> **Your instructions**: Look through the entries below. Report each line that has the word "refl" in it.

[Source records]
-----
lemma Bmat_form_bounds:
  fixes W :: "real^'n^'n" and w :: "real^'n"
  assumes sym: "\<forall>i j. W$i$j = W$j$i" and nonneg: "\<forall>i j. 0 \<le> W$i$j"
    and row: "\<forall>i. (\<Sum>j\<in>UNIV. W$i$j) = 1"
  shows "0 \<le> w \<bullet> (Bmat W *v w)"
    and "w \<bullet> (Bmat W *v w) \<le> 2 * (\<Sum>i\<in>UNIV. (1 - W$i$i) * (w$i)\<^sup>2)"
proof -
  define V where "V i j = (if i = j then 0 else W$i$j)" for i j
  define S where "S = (\<Sum>i\<in>UNIV. \<Sum>j\<in>UNIV. V i j * (w$i * w$j))"
  define D where "D = (\<Sum>i\<in>UNIV. (1 - W$i$i) * (w$i)\<^sup>2)"
  have V_row: "(\<Sum>j\<in>UNIV. V i j) = 1 - W$i$i" for i
  proof -
    have "(\<Sum>j\<in>UNIV. W$i$j) = (\<Sum>j\<in>UNIV. V i j + (if j = i then W$i$i else 0))"
      by (intro sum.cong refl) (auto simp: V_def)
    then show ?thesis using row by (simp add: sum.distrib)
  qed
  have "\<bar>S\<bar> \<le> D"
    using symmetric_form_abs_le[of V w] sym nonneg unfolding S_def D_def V_row
    by (simp add: V_def)
  moreover have "w \<bullet> (Bmat W *v w) = D + S"
  proof -
    have "w \<bullet> (Bmat W *v w) = (\<Sum>i\<in>UNIV. \<Sum>j\<in>UNIV.
        (if j = i then (1 - W$i$i) * (w$i)\<^sup>2 else 0) + V i j * (w$i * w$j))"
      unfolding inner_matrix_vector_mult Bmat_entry
      by (intro sum.cong refl) (auto simp: V_def algebra_simps power2_eq_square)
    then show ?thesis unfolding S_def D_def by (simp add: sum.distrib)
  qed
  ultimately show "0 \<le> w \<bullet> (Bmat W *v w)" and "w \<bullet> (Bmat W *v w) \<le> 2 * D"
    by linarith+
qed

lemma inner_mult_le_form:
  fixes A :: "real^'n^'n" and g :: "real^'n" and \<Lambda> :: real
  assumes sym: "\<forall>i j. A$i$j = A$j$i" and psd: "\<forall>u. 0 \<le> u \<bullet> (A *v u)"
    and le: "\<forall>u. u \<bullet> (A *v u) \<le> \<Lambda> * (u \<bullet> u)" and pos: "0 < \<Lambda>"
  shows "(A *v g) \<bullet> (A *v g) \<le> \<Lambda> * (g \<bullet> (A *v g))"
proof -
  define d where "d = A *v g"
  define c where "c = 1 / \<Lambda>"
  have gAd: "g \<bullet> (A *v d) = d \<bullet> d"
    using inner_matrix_vector_mult_commute[OF sym, of g d] by (simp add: d_def)
  \<comment> \<open>positivity of the form at g - d / \<Lambda>\<close>
  have "0 \<le> (g - c *\<^sub>R d) \<bullet> (A *v (g - c *\<^sub>R d))" using psd by blast
  also have "\<dots> = g \<bullet> d - 2 * c * (d \<bullet> d) + c\<^sup>2 * (d \<bullet> (A *v d))"
    using gAd by (simp add: d_def matrix_vector_mult_diff_distrib matrix_vector_mult_scaleR
        inner_diff_left inner_diff_right inner_commute power2_eq_square algebra_simps)
  also have "\<dots> \<le> g \<bullet> d - 2 * c * (d \<bullet> d) + c\<^sup>2 * (\<Lambda> * (d \<bullet> d))"
    using le by (intro add_left_mono mult_left_mono) auto
  also have "\<dots> = g \<bullet> d - (d \<bullet> d) / \<Lambda>"
    using pos by (simp add: c_def power2_eq_square field_simps)
  finally show ?thesis using pos by (simp add: d_def field_simps inner_commute)
qed

section \<open>The approximate Hessian inverse\<close>

definition Ddiag :: "real^'n^'n \<Rightarrow> real \<Rightarrow> ('n \<Rightarrow> real \<Rightarrow> real) \<Rightarrow> real^'n \<Rightarrow> 'n \<Rightarrow> real" where
  "Ddiag W \<alpha> f2 x i = \<alpha> * f2 i (x $ i) + 2 * (1 - W $ i $ i)"

lemma Dmat_entry: "Dmat W \<alpha> f2 x $ i $ j = (if i = j then Ddiag W \<alpha> f2 x i else 0)"
  by (simp add: Dmat_def Ddiag_def Gmat_def Wd_def diagm_def mat_def)

lemma Hhat_inv_entry:
  assumes "\<And>i. 0 < Ddiag W \<alpha> f2 x i"
  shows "Hhat_inv W \<alpha> f2 x $ i $ j = (if i = j then 1 / Ddiag W \<alpha> f2 x i else 0)
      + Bmat W $ i $ j / (Ddiag W \<alpha> f2 x i * Ddiag W \<alpha> f2 x j)"
proof -
  have Dinvsqrt: "Dinvsqrt W \<alpha> f2 x = diagm (\<lambda>i. 1 / sqrt (Ddiag W \<alpha> f2 x i))"
    by (simp add: Dinvsqrt_def Dmat_entry)
  have sq: "1 / sqrt (Ddiag W \<alpha> f2 x i) * (1 / sqrt (Ddiag W \<alpha> f2 x i)) = 1 / Ddiag W \<alpha> f2 x i"
    for i using assms[of i] by simp
  show ?thesis
    unfolding Hhat_inv_def Dinvsqrt using sq[of i] sq[of j]
    by (simp add: diagm_mult_left diagm_mult_right mat_def algebra_simps)
qed

lemma Hhat_inv_form:
  fixes W :: "real^'n^'n" and \<alpha> :: real and f2 :: "'n \<Rightarrow> real \<Rightarrow> real" and x u :: "real^'n"
  defines "D \<equiv> Ddiag W \<alpha> f2 x"
  assumes pos: "\<And>i. 0 < D i"
  shows "u \<bullet> (Hhat_inv W \<alpha> f2 x *v u)
    = (\<Sum>i\<in>UNIV. (u$i)\<^sup>2 / D i) + (\<chi> i. u$i / D i) \<bullet> (Bmat W *v (\<chi> i. u$i / D i))"
proof -
  have "u \<bullet> (Hhat_inv W \<alpha> f2 x *v u) = (\<Sum>i\<in>UNIV. \<Sum>j\<in>UNIV.
      (if i = j then (u$i)\<^sup>2 / D i else 0) + (u$i / D i) * Bmat W $i$j * (u$j / D j))"
    unfolding inner_matrix_vector_mult Hhat_inv_entry[OF pos[unfolded D_def]] D_def[symmetric]
    using pos by (intro sum.cong refl) (auto simp: field_simps power2_eq_square)
  then show ?thesis
    unfolding inner_matrix_vector_mult by (simp add: sum.distrib)
qed

section \<open>The objective along coordinates\<close>

lemma Taylor_second_order:
  fixes f f1 f2 :: "real \<Rightarrow> real"
  assumes "\<And>s. (f has_real_derivative f1 s) (at s)" and "\<And>s. (f1 has_real_derivative f2 s) (at s)"
  obtains t where "f b = f a + f1 a * (b - a) + f2 t / 2 * (b - a)\<^sup>2"
proof (cases "b = a")
  case False
  define diff where "diff k = (if k = 0 then f else if k = 1 then f1 else f2)" for k :: nat
  have "\<exists>t. (if b < a then b < t \<and> t < a else a < t \<and> t < b) \<and>
    f b = (\<Sum>k<2. diff k a / fact k * (b - a) ^ k) + diff 2 t / fact 2 * (b - a)\<^sup>2"
    using assms False
    by (intro Taylor[of 2 diff f "min a b" "max a b"]) (auto simp: diff_def less_2_cases_iff)
  then obtain t where "f b = (\<Sum>k<2. diff k a / fact k * (b - a) ^ k) + diff 2 t / fact 2 * (b - a)\<^sup>2"
    by blast
  then show ?thesis by (intro that[of t]) (simp add: diff_def numeral_2_eq_2 lessThan_Suc)
qed (use that in simp)

lemma Fobj_add_axis:
  fixes W :: "real^'n^'n" and x :: "real^'n"
  assumes sym: "\<forall>i j. W$i$j = W$j$i"
  shows "Fobj W \<alpha> f (x + \<tau> *\<^sub>R axis i 1) = Fobj W \<alpha> f x + \<tau> * ((mat 1 - W) *v x) $ i
     + \<tau>\<^sup>2 / 2 * (1 - W$i$i) + \<alpha> * (f i (x$i + \<tau>) - f i (x$i))"
proof -
  define Q where "Q = mat 1 - W"
  define e where "e = axis i (1::real)"
  have Q_sym: "\<forall>i j. Q$i$j = Q$j$i" using sym by (simp add: Q_def mat_def)
  have eQx: "e \<bullet> (Q *v x) = (Q *v x) $ i" by (simp add: e_def inner_axis')
  have eQe: "e \<bullet> (Q *v e) = 1 - W$i$i"
  proof -
    have "e \<bullet> (Q *v e) = (Q *v e) $ i" by (simp add: e_def inner_axis')
    also have "\<dots> = (\<Sum>j\<in>UNIV. if j = i then Q$i$j else 0)"
      unfolding matrix_vector_mult_def e_def axis_def
      by (simp only: vec_lambda_beta, rule sum.cong, auto)
    finally show ?thesis by (simp add: Q_def mat_def)
  qed
  have quad: "(x + \<tau> *\<^sub>R e) \<bullet> (Q *v (x + \<tau> *\<^sub>R e))
      = x \<bullet> (Q *v x) + 2 * \<tau> * (Q *v x) $ i + \<tau>\<^sup>2 * (1 - W$i$i)"
  proof -
    have "(x + \<tau> *\<^sub>R e) \<bullet> (Q *v (x + \<tau> *\<^sub>R e))
        = x \<bullet> (Q *v x) + \<tau> * (x \<bullet> (Q *v e)) + \<tau> * (e \<bullet> (Q *v x)) + \<tau>\<^sup>2 * (e \<bullet> (Q *v e))"
      by (simp add: matrix_vector_right_distrib matrix_vector_mult_scaleR inner_add_left
          inner_add_right power2_eq_square algebra_simps)
    then show ?thesis
      unfolding inner_matrix_vector_mult_commute[OF Q_sym, of x e] eQx eQe by simp
  qed
  have "(\<Sum>k\<in>UNIV. f k ((x + \<tau> *\<^sub>R e) $ k))
      = (\<Sum>k\<in>UNIV. f k (x $ k) + (if k = i then f i (x$i + \<tau>) - f i (x$i) else 0))"
    by (rule sum.cong) (auto simp: e_def axis_def)
  then have sums: "(\<Sum>k\<in>UNIV. f k ((x + \<tau> *\<^sub>R e) $ k))
      = (\<Sum>k\<in>UNIV. f k (x $ k)) + (f i (x$i + \<tau>) - f i (x$i))"
    by (simp add: sum.distrib)
  show ?thesis
    unfolding Fobj_def Q_def[symmetric] e_def[symmetric] quad sums by (simp add: field_simps)
qed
-----
> **Task response**:
      by (intro sum.cong refl) (auto simp: V_def)
      by (intro sum.cong refl) (auto simp: V_def algebra_simps power2_eq_square)
    using pos by (intro sum.cong refl) (auto simp: field_simps power2_eq_square)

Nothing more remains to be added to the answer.